__EXERCISE DESCRIPTION__
Take the entries below and print, exactly, the stretch from the line containing "using assms by (elim" through the line containing "(* For every", both included.

Stored items:
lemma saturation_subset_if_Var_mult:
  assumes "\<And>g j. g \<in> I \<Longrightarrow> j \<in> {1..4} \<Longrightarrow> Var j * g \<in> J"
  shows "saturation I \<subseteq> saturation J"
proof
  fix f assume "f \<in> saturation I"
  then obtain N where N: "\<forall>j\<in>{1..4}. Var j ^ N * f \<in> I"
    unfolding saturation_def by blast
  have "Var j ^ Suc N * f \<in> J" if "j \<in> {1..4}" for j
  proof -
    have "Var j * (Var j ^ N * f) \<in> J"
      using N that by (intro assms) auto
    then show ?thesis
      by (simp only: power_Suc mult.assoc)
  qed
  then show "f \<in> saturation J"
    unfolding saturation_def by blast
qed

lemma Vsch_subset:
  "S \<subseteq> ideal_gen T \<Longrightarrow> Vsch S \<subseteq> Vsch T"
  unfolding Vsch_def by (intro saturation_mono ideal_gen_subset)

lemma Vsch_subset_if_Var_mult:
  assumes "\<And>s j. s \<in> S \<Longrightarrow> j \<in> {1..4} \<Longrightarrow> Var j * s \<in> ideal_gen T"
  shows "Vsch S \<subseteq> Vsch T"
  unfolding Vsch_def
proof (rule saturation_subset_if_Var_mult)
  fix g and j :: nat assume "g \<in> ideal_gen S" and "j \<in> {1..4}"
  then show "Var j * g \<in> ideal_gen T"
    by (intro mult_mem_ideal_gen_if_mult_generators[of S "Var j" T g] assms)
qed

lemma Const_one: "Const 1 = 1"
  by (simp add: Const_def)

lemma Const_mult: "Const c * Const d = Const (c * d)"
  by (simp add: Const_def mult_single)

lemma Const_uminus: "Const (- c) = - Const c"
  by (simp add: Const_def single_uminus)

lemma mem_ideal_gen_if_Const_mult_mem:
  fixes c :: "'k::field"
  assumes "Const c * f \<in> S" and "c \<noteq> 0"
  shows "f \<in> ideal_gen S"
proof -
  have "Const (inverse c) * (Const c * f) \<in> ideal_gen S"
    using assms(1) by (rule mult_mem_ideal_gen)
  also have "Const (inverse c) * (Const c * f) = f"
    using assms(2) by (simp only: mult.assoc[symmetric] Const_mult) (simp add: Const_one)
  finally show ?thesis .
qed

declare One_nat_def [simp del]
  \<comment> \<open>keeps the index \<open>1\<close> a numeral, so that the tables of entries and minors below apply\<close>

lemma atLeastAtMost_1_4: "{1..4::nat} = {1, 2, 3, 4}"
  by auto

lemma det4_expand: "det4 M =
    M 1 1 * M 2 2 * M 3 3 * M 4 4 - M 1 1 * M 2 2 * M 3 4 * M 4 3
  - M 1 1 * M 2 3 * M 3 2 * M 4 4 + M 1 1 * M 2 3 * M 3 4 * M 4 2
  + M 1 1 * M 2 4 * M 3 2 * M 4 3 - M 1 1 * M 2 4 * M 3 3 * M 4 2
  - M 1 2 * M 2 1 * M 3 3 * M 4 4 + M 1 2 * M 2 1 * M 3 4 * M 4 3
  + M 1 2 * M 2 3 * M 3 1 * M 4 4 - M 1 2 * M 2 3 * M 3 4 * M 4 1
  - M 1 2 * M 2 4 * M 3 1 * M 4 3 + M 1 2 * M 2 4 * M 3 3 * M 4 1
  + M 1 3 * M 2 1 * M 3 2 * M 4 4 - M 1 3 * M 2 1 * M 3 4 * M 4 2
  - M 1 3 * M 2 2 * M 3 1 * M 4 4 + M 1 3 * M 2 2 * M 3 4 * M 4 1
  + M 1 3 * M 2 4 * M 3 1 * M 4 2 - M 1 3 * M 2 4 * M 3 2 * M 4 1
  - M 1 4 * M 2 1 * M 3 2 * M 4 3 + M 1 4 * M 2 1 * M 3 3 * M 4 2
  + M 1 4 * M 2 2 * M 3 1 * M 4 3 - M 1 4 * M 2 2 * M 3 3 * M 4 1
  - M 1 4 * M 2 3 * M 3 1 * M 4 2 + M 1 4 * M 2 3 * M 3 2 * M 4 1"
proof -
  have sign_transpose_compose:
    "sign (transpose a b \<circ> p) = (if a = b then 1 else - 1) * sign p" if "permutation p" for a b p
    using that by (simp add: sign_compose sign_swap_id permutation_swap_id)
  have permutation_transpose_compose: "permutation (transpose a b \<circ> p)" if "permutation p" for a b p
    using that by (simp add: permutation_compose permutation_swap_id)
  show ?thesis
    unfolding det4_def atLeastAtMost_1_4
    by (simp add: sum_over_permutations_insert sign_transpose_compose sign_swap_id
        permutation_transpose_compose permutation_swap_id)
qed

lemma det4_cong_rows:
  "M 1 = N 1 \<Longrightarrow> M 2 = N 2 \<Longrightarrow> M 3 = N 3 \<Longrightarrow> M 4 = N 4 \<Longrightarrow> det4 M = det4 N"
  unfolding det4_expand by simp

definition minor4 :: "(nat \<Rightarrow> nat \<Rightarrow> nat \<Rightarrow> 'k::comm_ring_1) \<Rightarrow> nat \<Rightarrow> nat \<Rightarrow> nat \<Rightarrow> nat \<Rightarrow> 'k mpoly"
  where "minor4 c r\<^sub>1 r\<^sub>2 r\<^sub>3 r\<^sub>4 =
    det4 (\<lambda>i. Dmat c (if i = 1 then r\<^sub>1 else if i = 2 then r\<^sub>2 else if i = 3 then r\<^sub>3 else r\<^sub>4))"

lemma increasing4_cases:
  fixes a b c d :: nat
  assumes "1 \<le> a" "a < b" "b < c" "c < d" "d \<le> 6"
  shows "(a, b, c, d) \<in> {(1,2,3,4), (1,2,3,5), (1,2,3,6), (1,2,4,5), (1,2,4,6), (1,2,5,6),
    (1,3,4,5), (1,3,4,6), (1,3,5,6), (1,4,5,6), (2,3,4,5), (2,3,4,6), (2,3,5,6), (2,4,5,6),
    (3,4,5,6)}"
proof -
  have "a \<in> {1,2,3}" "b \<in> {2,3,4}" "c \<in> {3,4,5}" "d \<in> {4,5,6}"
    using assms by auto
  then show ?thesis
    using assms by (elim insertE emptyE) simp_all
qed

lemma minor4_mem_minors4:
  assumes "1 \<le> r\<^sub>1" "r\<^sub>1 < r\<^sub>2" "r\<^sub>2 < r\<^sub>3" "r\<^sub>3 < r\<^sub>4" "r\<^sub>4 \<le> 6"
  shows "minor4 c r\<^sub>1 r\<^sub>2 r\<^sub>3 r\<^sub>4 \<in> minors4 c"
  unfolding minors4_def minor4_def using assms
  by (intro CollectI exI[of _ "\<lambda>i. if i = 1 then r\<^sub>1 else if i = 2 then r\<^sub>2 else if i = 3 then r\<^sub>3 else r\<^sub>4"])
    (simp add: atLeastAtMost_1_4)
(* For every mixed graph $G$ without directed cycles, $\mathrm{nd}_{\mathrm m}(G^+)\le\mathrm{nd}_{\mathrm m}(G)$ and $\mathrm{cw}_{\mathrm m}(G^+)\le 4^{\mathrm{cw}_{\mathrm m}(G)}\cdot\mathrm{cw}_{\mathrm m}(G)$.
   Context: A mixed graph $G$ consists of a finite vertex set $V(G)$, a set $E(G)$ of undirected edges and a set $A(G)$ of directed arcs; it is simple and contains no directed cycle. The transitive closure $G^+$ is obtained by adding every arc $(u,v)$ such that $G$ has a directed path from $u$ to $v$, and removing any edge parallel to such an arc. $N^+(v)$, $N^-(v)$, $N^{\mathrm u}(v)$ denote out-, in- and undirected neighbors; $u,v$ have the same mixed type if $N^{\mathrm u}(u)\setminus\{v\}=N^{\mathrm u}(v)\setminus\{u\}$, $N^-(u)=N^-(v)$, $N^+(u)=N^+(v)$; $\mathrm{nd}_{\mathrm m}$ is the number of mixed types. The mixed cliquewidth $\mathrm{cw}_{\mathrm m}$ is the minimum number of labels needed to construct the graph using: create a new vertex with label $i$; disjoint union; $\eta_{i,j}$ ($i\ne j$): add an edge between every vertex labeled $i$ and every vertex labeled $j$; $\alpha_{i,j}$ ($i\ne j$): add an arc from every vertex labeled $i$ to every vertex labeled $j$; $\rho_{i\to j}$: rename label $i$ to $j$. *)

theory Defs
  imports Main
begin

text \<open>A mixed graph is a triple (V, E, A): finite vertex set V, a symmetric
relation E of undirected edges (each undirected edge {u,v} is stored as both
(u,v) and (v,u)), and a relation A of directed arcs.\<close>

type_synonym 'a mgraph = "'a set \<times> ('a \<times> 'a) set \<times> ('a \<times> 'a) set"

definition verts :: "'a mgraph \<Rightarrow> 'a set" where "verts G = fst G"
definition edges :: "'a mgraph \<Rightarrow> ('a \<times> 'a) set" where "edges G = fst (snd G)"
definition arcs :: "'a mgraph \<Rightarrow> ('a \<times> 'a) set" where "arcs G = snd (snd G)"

--

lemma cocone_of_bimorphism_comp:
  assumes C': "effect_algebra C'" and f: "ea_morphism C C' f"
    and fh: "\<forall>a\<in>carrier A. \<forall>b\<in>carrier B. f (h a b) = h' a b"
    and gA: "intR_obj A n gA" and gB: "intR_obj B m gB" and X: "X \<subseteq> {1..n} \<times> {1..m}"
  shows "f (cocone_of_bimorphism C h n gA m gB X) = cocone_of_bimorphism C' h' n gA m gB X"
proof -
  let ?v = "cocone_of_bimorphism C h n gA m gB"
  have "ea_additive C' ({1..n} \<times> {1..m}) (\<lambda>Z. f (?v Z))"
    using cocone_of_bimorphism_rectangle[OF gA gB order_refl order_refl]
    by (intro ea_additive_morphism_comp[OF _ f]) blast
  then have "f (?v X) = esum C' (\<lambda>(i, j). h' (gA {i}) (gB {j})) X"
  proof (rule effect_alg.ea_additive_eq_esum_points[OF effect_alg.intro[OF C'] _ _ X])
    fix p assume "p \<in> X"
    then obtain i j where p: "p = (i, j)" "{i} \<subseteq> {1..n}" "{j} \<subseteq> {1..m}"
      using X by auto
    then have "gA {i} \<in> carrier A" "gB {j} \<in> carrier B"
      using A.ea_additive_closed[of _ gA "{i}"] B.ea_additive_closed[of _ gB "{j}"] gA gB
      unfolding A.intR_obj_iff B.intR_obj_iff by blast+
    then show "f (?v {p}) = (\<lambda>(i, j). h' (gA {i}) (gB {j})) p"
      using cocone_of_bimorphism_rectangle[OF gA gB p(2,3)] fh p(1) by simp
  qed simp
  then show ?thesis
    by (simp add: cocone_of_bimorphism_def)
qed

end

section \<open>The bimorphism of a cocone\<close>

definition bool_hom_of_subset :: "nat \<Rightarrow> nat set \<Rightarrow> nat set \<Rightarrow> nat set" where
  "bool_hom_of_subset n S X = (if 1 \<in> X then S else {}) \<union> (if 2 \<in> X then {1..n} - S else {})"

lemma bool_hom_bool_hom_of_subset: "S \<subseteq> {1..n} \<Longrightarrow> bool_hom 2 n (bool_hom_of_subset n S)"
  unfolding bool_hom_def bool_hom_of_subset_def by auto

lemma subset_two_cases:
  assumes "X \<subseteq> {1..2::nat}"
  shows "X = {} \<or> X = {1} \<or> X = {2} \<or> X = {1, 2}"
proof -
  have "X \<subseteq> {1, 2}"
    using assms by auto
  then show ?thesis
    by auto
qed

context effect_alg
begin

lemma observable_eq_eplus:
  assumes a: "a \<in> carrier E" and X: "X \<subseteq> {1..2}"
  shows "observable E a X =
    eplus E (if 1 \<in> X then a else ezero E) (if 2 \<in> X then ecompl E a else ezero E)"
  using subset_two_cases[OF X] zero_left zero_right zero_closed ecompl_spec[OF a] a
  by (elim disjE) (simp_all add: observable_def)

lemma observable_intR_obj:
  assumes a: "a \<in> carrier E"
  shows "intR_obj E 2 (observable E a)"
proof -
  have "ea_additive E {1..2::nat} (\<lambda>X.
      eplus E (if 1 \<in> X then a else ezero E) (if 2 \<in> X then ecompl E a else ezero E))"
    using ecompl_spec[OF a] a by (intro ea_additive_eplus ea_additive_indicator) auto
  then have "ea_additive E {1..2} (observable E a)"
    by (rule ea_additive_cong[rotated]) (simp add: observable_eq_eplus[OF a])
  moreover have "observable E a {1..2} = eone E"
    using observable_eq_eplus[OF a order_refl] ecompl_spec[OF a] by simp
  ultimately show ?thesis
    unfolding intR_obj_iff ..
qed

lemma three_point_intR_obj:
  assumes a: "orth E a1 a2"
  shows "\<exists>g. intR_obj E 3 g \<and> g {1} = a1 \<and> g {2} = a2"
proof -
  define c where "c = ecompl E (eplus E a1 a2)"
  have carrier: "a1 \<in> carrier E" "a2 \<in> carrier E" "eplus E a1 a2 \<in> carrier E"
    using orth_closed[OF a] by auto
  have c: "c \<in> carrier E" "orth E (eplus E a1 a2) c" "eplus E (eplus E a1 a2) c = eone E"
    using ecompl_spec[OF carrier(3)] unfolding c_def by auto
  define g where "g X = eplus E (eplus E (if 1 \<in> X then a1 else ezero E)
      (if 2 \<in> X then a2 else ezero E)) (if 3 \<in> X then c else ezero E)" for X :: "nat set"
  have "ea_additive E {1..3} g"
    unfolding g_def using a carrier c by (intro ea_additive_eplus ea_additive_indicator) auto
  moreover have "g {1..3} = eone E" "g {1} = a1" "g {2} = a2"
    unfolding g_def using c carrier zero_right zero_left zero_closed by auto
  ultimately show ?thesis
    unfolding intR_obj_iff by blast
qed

__EXERCISE ANSWER__
    using assms by (elim insertE emptyE) simp_all
qed

lemma minor4_mem_minors4:
  assumes "1 \<le> r\<^sub>1" "r\<^sub>1 < r\<^sub>2" "r\<^sub>2 < r\<^sub>3" "r\<^sub>3 < r\<^sub>4" "r\<^sub>4 \<le> 6"
  shows "minor4 c r\<^sub>1 r\<^sub>2 r\<^sub>3 r\<^sub>4 \<in> minors4 c"
  unfolding minors4_def minor4_def using assms
  by (intro CollectI exI[of _ "\<lambda>i. if i = 1 then r\<^sub>1 else if i = 2 then r\<^sub>2 else if i = 3 then r\<^sub>3 else r\<^sub>4"])
    (simp add: atLeastAtMost_1_4)
(* For every mixed graph $G$ without directed cycles, $\mathrm{nd}_{\mathrm m}(G^+)\le\mathrm{nd}_{\mathrm m}(G)$ and $\mathrm{cw}_{\mathrm m}(G^+)\le 4^{\mathrm{cw}_{\mathrm m}(G)}\cdot\mathrm{cw}_{\mathrm m}(G)$.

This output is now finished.